Stored data entries
Content starts
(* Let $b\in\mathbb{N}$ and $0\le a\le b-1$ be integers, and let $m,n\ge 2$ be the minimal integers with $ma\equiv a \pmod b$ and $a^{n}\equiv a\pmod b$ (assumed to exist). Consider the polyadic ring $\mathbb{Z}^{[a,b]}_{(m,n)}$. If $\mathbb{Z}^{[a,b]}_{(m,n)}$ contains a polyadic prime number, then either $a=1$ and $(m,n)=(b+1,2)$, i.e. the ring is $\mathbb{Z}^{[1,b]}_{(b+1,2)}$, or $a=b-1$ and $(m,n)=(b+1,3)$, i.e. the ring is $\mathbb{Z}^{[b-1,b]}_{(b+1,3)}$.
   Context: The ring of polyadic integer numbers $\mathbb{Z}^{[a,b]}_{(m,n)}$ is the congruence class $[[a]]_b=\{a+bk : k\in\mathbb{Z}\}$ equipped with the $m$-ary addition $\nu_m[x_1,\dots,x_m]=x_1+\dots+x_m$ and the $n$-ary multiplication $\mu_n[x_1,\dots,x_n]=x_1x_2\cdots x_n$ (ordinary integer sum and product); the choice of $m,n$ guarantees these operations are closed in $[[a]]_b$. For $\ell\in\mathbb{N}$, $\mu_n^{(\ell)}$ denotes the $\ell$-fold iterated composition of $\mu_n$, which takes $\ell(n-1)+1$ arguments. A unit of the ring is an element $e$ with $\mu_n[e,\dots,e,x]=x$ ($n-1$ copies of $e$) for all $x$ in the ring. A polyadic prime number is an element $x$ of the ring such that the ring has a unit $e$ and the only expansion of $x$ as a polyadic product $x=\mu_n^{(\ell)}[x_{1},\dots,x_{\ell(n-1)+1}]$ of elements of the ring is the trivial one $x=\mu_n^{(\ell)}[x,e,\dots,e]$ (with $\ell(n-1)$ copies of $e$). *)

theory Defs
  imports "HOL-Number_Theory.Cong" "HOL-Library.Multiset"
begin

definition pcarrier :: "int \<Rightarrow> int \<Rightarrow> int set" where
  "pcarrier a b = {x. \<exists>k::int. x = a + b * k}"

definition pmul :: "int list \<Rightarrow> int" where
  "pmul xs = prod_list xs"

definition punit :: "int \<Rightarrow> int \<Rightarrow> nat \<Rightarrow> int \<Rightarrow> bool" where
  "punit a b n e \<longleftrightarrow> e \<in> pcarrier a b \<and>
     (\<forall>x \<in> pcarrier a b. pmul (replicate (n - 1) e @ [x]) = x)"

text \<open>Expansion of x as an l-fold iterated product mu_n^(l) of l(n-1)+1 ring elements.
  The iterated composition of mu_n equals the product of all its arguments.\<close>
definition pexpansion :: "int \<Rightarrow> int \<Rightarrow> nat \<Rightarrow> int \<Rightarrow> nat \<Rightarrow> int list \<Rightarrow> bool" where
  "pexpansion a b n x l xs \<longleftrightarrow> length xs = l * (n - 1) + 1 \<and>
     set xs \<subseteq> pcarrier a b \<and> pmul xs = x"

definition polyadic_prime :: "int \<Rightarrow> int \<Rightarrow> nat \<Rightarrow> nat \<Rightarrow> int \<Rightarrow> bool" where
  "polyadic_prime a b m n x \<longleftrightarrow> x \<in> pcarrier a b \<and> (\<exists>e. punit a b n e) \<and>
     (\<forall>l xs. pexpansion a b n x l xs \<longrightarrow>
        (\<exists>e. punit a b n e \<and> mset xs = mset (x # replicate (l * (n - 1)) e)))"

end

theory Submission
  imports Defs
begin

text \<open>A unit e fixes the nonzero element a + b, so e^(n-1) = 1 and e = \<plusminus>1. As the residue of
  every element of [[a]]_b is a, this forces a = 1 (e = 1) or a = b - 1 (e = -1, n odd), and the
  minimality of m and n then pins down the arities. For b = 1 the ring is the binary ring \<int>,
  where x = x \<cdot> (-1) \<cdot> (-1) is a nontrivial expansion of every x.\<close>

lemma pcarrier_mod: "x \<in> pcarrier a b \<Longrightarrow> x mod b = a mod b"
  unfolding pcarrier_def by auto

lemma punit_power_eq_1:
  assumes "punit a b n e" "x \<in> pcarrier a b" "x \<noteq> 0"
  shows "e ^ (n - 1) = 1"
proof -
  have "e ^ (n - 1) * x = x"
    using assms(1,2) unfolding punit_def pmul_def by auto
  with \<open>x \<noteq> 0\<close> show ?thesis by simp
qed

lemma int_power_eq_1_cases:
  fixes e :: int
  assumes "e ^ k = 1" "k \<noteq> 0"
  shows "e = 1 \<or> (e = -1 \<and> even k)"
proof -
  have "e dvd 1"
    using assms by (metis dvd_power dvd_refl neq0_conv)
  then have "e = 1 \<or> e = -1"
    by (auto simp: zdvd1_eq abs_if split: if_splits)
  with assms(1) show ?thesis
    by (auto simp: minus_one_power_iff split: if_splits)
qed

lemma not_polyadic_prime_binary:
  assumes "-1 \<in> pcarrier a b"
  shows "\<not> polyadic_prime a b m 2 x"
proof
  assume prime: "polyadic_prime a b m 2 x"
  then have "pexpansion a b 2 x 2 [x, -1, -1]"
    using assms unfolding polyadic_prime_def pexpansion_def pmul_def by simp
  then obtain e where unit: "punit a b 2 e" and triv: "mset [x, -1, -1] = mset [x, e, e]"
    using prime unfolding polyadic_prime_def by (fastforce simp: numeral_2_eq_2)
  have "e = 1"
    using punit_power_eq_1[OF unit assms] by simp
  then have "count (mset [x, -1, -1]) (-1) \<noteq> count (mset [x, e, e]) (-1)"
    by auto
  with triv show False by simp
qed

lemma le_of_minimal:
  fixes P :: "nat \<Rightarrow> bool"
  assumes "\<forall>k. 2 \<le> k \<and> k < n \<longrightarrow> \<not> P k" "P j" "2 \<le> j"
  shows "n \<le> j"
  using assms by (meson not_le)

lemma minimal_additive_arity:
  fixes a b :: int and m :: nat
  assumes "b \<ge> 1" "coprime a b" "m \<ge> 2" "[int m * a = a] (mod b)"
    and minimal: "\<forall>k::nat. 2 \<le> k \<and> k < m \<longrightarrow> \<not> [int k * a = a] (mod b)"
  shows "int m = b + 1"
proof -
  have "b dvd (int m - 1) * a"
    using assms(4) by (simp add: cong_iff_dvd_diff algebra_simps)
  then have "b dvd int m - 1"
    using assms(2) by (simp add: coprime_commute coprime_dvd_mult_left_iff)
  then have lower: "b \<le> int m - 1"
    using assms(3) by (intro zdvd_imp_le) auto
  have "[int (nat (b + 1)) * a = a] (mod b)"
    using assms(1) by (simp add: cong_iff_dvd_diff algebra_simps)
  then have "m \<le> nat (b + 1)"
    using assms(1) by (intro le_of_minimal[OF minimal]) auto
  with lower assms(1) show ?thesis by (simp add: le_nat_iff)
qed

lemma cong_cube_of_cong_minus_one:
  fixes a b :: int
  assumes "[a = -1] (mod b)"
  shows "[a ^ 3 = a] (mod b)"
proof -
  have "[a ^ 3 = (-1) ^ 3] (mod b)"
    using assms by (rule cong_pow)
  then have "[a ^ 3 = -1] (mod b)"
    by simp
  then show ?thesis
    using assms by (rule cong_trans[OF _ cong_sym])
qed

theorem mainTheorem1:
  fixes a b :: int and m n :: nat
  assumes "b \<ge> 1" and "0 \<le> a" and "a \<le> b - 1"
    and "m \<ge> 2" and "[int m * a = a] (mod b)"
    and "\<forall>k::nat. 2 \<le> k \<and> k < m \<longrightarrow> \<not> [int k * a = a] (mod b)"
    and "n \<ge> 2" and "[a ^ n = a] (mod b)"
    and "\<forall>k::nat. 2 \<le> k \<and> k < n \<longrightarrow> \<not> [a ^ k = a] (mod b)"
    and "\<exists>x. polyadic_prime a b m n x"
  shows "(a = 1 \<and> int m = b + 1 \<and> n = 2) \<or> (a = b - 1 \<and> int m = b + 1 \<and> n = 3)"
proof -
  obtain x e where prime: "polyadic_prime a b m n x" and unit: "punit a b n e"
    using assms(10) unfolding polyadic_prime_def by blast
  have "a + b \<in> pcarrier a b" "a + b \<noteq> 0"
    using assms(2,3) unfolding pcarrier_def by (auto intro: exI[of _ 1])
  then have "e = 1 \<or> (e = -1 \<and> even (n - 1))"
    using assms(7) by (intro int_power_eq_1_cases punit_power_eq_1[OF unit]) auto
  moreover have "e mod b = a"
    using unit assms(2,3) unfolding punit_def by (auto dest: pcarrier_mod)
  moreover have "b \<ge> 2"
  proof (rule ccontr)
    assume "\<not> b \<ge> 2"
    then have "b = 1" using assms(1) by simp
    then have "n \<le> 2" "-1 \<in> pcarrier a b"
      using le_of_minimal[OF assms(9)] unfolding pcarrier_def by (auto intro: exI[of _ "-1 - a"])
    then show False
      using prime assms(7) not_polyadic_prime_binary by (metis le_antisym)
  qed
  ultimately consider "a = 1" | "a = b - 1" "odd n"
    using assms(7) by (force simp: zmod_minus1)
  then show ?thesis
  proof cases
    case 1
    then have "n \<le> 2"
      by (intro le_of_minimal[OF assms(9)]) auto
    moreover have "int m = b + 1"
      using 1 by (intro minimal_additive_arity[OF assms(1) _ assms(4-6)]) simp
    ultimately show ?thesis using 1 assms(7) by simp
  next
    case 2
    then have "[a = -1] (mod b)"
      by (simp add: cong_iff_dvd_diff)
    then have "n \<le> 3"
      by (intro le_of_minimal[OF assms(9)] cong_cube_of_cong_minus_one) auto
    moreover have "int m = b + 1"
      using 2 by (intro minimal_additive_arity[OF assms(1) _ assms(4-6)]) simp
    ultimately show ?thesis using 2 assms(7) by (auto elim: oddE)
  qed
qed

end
Content ends
■ EXERCISE DETAILS:
Would you please repeat exactly the lines above, starting at the line with "(\<forall>x \<in> pcarrier" and stopping at the line with "The iterated composition", both included?

■ ANSWER AREA:
     (\<forall>x \<in> pcarrier a b. pmul (replicate (n - 1) e @ [x]) = x)"

text \<open>Expansion of x as an l-fold iterated product mu_n^(l) of l(n-1)+1 ring elements.
  The iterated composition of mu_n equals the product of all its arguments.\<close>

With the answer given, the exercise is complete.